L'absence de quête permet-elle justement de sortir des albums qui peuvent tous se lire de façon indépendante ?J.-L. I. : La mauvaise nouvelle, c’est qu’il n’y a pas de fin possible (rires), sauf si je fais tout exploser. L’univers peut s’écrouler, avec une bonne météorite… La bonne nouvelle, c’est qu’il n’y a pas de quêtes. Nos lecteurs disaient que parfois c'était dommage d’avoir trop de one-shot les uns derrière les autres et de ne pas développer plus les personnages qu’ils ont aimés. Ils ont très vite réclamé un cross-over et c’est pour ça qu’à partir de l’année prochaine, pour les dix ans de Elfes, en mars 2023, sortira Les Guerres d’Arran tome 1 qui sera le début d’un cross-over en six tomes où se réunissent les plus grands héros des Terres d’Arran à travers une guerre qui confronte les anciennes races aux humains. En parallèle, les séries Orcs & Gobelins et Mages sortiront en même temps et seront labellisées « extinction » comme Les Guerres d’Arran . On imagine bien que la fin ne va pas toujours être heureuse, le mot « extinction » dit tout. On aura ces trois séries ensemble en 2023 et 2024 qui vont développer ce grand cross-over et, enfin, tout le monde pourra voir ses personnages préférés se lier les uns les autres, combattre ensemble, peut-être mourir ou survivre, on verra.

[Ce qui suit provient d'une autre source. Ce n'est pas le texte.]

(* Let $T$, $\mathcal{S}=\mathcal{S}_+\cup\mathcal{S}_-$, $\Psi$, $U$, $\mu$, $P_\mu$ and $V_\mu$ be as in the context. Consider the following three discrete-time QBDs on phase space $\mathcal{S}$: (i) the QBD with blocks $\Theta_{-1}=\begin{bmatrix}0&\frac12P_{\mu+-}\\0&P_{\mu--}\end{bmatrix}$, $\Theta_0=\begin{bmatrix}\frac12P_{\mu++}&0\\P_{\mu-+}&0\end{bmatrix}$, $\Theta_1=\frac12\begin{bmatrix}I&0\\0&0\end{bmatrix}$; (ii) the QBD with blocks $B'_{-1}=\frac12\begin{bmatrix}0&P_{\mu+-}\\0&P_{\mu--}\end{bmatrix}$, $B'_0=\frac12\begin{bmatrix}P_{\mu++}&0\\P_{\mu-+}&I\end{bmatrix}$, $B'_1=\frac12\begin{bmatrix}I&0\\0&0\end{bmatrix}$; (iii) the QBD with blocks $B_{-1}=\begin{bmatrix}0&(I-\mu^{-1}T_{++})^{-1}P_{\mu+-}\\0&V_\mu\end{bmatrix}$, $B_0=0$, $B_1=\begin{bmatrix}(I-\mu^{-1}T_{++})^{-1}&0\\0&0\end{bmatrix}$. Then the QBD in (ii) has the same $\mathcal{G}$-matrix as the QBD in (i) and the same $\mathcal{G}$-matrix as the QBD in (iii).
   Context: $T$ is the generator of a continuous-time Markov chain on a finite set $\mathcal{S}=\mathcal{S}_+\cup\mathcal{S}_-$ (disjoint, both nonempty), partitioned into blocks $T_{++},T_{+-},T_{-+},T_{--}$ according to $\mathcal{S}_\pm$. $\Psi$ is the minimal nonnegative solution of $T_{+-}+\Psi T_{--}+T_{++}\Psi+\Psi T_{-+}\Psi=0$ (the first-return probability matrix of the unit-rate fluid queue with phase generator $T$, rates $+1$ on $\mathcal{S}_+$ and $-1$ on $\mathcal{S}_-$), and $U:=T_{--}+T_{-+}\Psi$. $\mu>0$ satisfies $\mu\ge\max_i|T_{ii}|$; $P_\mu:=I+\mu^{-1}T$ with blocks $P_{\mu++}$ etc., and $V_\mu:=I+\mu^{-1}U$. A discrete-time quasi-birth-death process (QBD) with transition blocks $L_{-1},L_0,L_1$ is a Markov chain $\{(Y_n,\kappa_n)\}$ on $\mathbb{Z}\times\mathcal{S}$ with $\mathbb{P}[Y_n=k+d,\kappa_n=j\mid Y_{n-1}=k,\kappa_{n-1}=i]=(L_d)_{ij}$ for $d\in\{-1,0,1\}$. Its $\mathcal{G}$-matrix has entries $\mathcal{G}_{ij}=\mathbb{P}[\theta<\infty,\kappa_\theta=j\mid Y_0=k,\kappa_0=i]$ with $\theta=\inf\{n>0:Y_n=k-1\}$. Matrices are partitioned into blocks according to $\mathcal{S}_+,\mathcal{S}_-$. *)

theory Defs
  imports Complex_Main
begin

text \<open>Phase space S = S_+ \<union> S_- is modelled as the disjoint sum type 'p + 'm
  (Inl = phases in S_+, Inr = phases in S_-), both finite (and nonempty, as all types are).\<close>

definition mmul :: "('a \<Rightarrow> 'b::finite \<Rightarrow> real) \<Rightarrow> ('b \<Rightarrow> 'c \<Rightarrow> real) \<Rightarrow> 'a \<Rightarrow> 'c \<Rightarrow> real" where
  "mmul A B = (\<lambda>i k. \<Sum>j\<in>UNIV. A i j * B j k)"

definition idm :: "'a \<Rightarrow> 'a \<Rightarrow> real" where
  "idm = (\<lambda>i j. if i = j then 1 else 0)"

definition zm :: "'a \<Rightarrow> 'b \<Rightarrow> real" where
  "zm = (\<lambda>i j. 0)"

definition minv :: "('a::finite \<Rightarrow> 'a \<Rightarrow> real) \<Rightarrow> 'a \<Rightarrow> 'a \<Rightarrow> real" where
  "minv A = (THE X. mmul A X = idm \<and> mmul X A = idm)"

definition blk :: "('p \<Rightarrow> 'p \<Rightarrow> real) \<Rightarrow> ('p \<Rightarrow> 'm \<Rightarrow> real) \<Rightarrow> ('m \<Rightarrow> 'p \<Rightarrow> real)
    \<Rightarrow> ('m \<Rightarrow> 'm \<Rightarrow> real) \<Rightarrow> ('p + 'm) \<Rightarrow> ('p + 'm) \<Rightarrow> real" where
  "blk A B C D = (\<lambda>x y. case x of
      Inl i \<Rightarrow> (case y of Inl j \<Rightarrow> A i j | Inr j \<Rightarrow> B i j)
    | Inr i \<Rightarrow> (case y of Inl j \<Rightarrow> C i j | Inr j \<Rightarrow> D i j))"

definition bpp :: "(('p + 'm) \<Rightarrow> ('p + 'm) \<Rightarrow> real) \<Rightarrow> 'p \<Rightarrow> 'p \<Rightarrow> real" where
  "bpp M = (\<lambda>i j. M (Inl i) (Inl j))"
definition bpm :: "(('p + 'm) \<Rightarrow> ('p + 'm) \<Rightarrow> real) \<Rightarrow> 'p \<Rightarrow> 'm \<Rightarrow> real" where
  "bpm M = (\<lambda>i j. M (Inl i) (Inr j))"
definition bmp :: "(('p + 'm) \<Rightarrow> ('p + 'm) \<Rightarrow> real) \<Rightarrow> 'm \<Rightarrow> 'p \<Rightarrow> real" where
  "bmp M = (\<lambda>i j. M (Inr i) (Inl j))"
definition bmm :: "(('p + 'm) \<Rightarrow> ('p + 'm) \<Rightarrow> real) \<Rightarrow> 'm \<Rightarrow> 'm \<Rightarrow> real" where
  "bmm M = (\<lambda>i j. M (Inr i) (Inr j))"

definition is_generator :: "('s::finite \<Rightarrow> 's \<Rightarrow> real) \<Rightarrow> bool" where
  "is_generator T \<longleftrightarrow> (\<forall>i j. i \<noteq> j \<longrightarrow> 0 \<le> T i j) \<and> (\<forall>i. (\<Sum>j\<in>UNIV. T i j) = 0)"

definition riccati :: "(('p::finite + 'm::finite) \<Rightarrow> ('p + 'm) \<Rightarrow> real) \<Rightarrow> ('p \<Rightarrow> 'm \<Rightarrow> real) \<Rightarrow> bool" where
  "riccati T X \<longleftrightarrow> (\<forall>i j. bpm T i j + mmul X (bmm T) i j + mmul (bpp T) X i j
                            + mmul (mmul X (bmp T)) X i j = 0)"

definition is_min_nonneg_sol :: "(('p::finite + 'm::finite) \<Rightarrow> ('p + 'm) \<Rightarrow> real) \<Rightarrow> ('p \<Rightarrow> 'm \<Rightarrow> real) \<Rightarrow> bool" where
  "is_min_nonneg_sol T X \<longleftrightarrow> riccati T X \<and> (\<forall>i j. 0 \<le> X i j) \<and>
     (\<forall>Y. riccati T Y \<and> (\<forall>i j. 0 \<le> Y i j) \<longrightarrow> (\<forall>i j. X i j \<le> Y i j))"

text \<open>Discrete-time QBD with blocks Lm = L_{-1}, L0 = L_0, Lp = L_1 (level-homogeneous, so we
  start at level 0).  qbd_taboo Lm L0 Lp n k i j is the probability that, started at (0,i),
  the chain is at (k,j) at time n having stayed at levels \<ge> 0 at all times 0..n.\<close>
fun qbd_taboo :: "('s::finite \<Rightarrow> 's \<Rightarrow> real) \<Rightarrow> ('s \<Rightarrow> 's \<Rightarrow> real) \<Rightarrow> ('s \<Rightarrow> 's \<Rightarrow> real)
    \<Rightarrow> nat \<Rightarrow> int \<Rightarrow> 's \<Rightarrow> 's \<Rightarrow> real" where
  "qbd_taboo Lm L0 Lp 0 k i j = (if k = 0 \<and> i = j then 1 else 0)"
| "qbd_taboo Lm L0 Lp (Suc n) k i j =
     (if k < 0 then 0 else
       (\<Sum>l\<in>UNIV. qbd_taboo Lm L0 Lp n (k + 1) i l * Lm l j
                 + qbd_taboo Lm L0 Lp n k i l * L0 l j
                 + qbd_taboo Lm L0 Lp n (k - 1) i l * Lp l j))"

text \<open>G-matrix: G_ij = P[theta < \<infinity>, kappa_theta = j | Y_0 = 0, kappa_0 = i], with
  theta the first passage time to level -1, written as the sum over theta = n+1 of the
  probabilities of the (disjoint) events {theta = n+1, kappa_theta = j}.\<close>
definition qbd_G :: "('s::finite \<Rightarrow> 's \<Rightarrow> real) \<Rightarrow> ('s \<Rightarrow> 's \<Rightarrow> real) \<Rightarrow> ('s \<Rightarrow> 's \<Rightarrow> real)
    \<Rightarrow> 's \<Rightarrow> 's \<Rightarrow> real" where
  "qbd_G Lm L0 Lp = (\<lambda>i j. \<Sum>n. \<Sum>l\<in>UNIV. qbd_taboo Lm L0 Lp n 0 i l * Lm l j)"

end

theory Submission
  imports Defs
begin

text \<open>For a QBD with nonnegative blocks, \<open>qbd_G\<close> is the limit of the first-passage matrices
  \<open>F\<^sub>N(a)\<close> (reaching level \<open>-1\<close> from level \<open>a\<close> within \<open>N\<close> steps). They obey a first-step
  recursion, are bounded by \<open>X\<^sup>a\<^sup>+\<^sup>1\<close> for every nonnegative supersolution \<open>X\<close> of
  \<open>X = L\<^sub>-\<^sub>1 + L\<^sub>0 X + L\<^sub>1 X\<^sup>2\<close>, and are sub- and supermultiplicative in the level, so the
  G-matrix is the minimal nonnegative solution of that equation.

  For the three QBDs of the theorem, \<open>Z = [0 \<Psi>; 0 V\<^sub>\<mu>]\<close> is a nonnegative solution (the
  \<open>S\<^sub>+S\<^sub>-\<close> block of the equation is the Riccati equation for \<open>\<Psi>\<close>, rewritten with \<open>P\<^sub>\<mu>\<close>), so
  each G-matrix is dominated by \<open>Z\<close> and has the form \<open>[0 B; 0 D]\<close>. For (ii) the equation
  forces \<open>B\<close> to solve the Riccati equation, hence \<open>B = \<Psi>\<close> by minimality of \<open>\<Psi>\<close>. QBD (i) has
  the same solutions as (ii). For (iii) the equation gives \<open>D = V\<^sub>\<mu>\<close>, and \<open>[0 B; 0 V\<^sub>\<mu>]\<close>
  is a supersolution for (ii), so \<open>Z \<le> [0 B; 0 V\<^sub>\<mu>]\<close> by minimality of the G-matrix of (ii).\<close>

section \<open>Matrix algebra\<close>

definition nonneg :: "('a \<Rightarrow> 'b \<Rightarrow> real) \<Rightarrow> bool" where
  "nonneg A \<longleftrightarrow> (\<forall>i j. 0 \<le> A i j)"

lemma mat_le_iff: "(A::'a \<Rightarrow> 'b \<Rightarrow> real) \<le> B \<longleftrightarrow> (\<forall>i j. A i j \<le> B i j)"
  by (simp add: le_fun_def)

lemma zm_apply [simp]: "zm i j = 0"
  by (simp add: zm_def)

lemma nonneg_zm: "nonneg zm"
  by (simp add: nonneg_def)

lemma nonneg_idm: "nonneg idm"
  by (simp add: nonneg_def idm_def)

lemma nonneg_halve: "nonneg A \<Longrightarrow> nonneg (\<lambda>i j. A i j / 2)"
  by (simp add: nonneg_def)

lemma nonneg_le_zm_iff: "nonneg A \<Longrightarrow> A \<le> zm \<longleftrightarrow> A = zm"
  by (auto simp: nonneg_def mat_le_iff intro!: ext antisym)

lemma mmul_assoc: "mmul (mmul A B) C = mmul A (mmul B C)"
proof (intro ext)
  fix i l
  have "mmul (mmul A B) C i l = (\<Sum>j\<in>UNIV. \<Sum>k\<in>UNIV. A i k * B k j * C j l)"
    by (simp add: mmul_def sum_distrib_right)
  also have "\<dots> = (\<Sum>k\<in>UNIV. \<Sum>j\<in>UNIV. A i k * B k j * C j l)"
    by (rule sum.swap)
  also have "\<dots> = mmul A (mmul B C) i l"
    by (simp add: mmul_def sum_distrib_left mult.assoc)
  finally show "mmul (mmul A B) C i l = mmul A (mmul B C) i l" .
qed

lemma mmul_add_left [simp]: "mmul (\<lambda>i j. A i j + B i j) C i j = mmul A C i j + mmul B C i j"
  by (simp add: mmul_def distrib_right sum.distrib)

lemma mmul_add_right [simp]: "mmul C (\<lambda>i j. A i j + B i j) i j = mmul C A i j + mmul C B i j"
  by (simp add: mmul_def distrib_left sum.distrib)

lemma mmul_diff_left [simp]: "mmul (\<lambda>i j. A i j - B i j) C i j = mmul A C i j - mmul B C i j"
  by (simp add: mmul_def left_diff_distrib sum_subtractf)

lemma mmul_diff_right [simp]: "mmul C (\<lambda>i j. A i j - B i j) i j = mmul C A i j - mmul C B i j"
  by (simp add: mmul_def right_diff_distrib sum_subtractf)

Pour Les Terres d’Ogon, un nouveau tome sort en janvier 2023...J.-L. I. : Exactement, et les deux autres tomes à trois mois les uns derrière les autres. On aura les quatre tomes complets en 2023. La question suivante est : « est-ce qu’il y aura une deuxième saison ? » c’est ça (rires) ? La réponse est : probablement. En tous cas, le tome 1 a eu un bel accueil et donc, normalement, on pourra continuer. Si on fait une deuxième saison, c’est qu’on veut une qualité équivalente à la première. Cette dernière est vraiment très belle à tous niveaux. Le graphisme est incroyable, les quatre dessinateurs sont vraiment de grands dessinateurs, et si on fait une deuxième saison on ne veut pas moins bien. Ça prendra plus de temps que pour Elfes dont les tomes arrivent assez rapidement. Cette fois-ci, il nous faudra deux ou trois ans avant de voir la suite.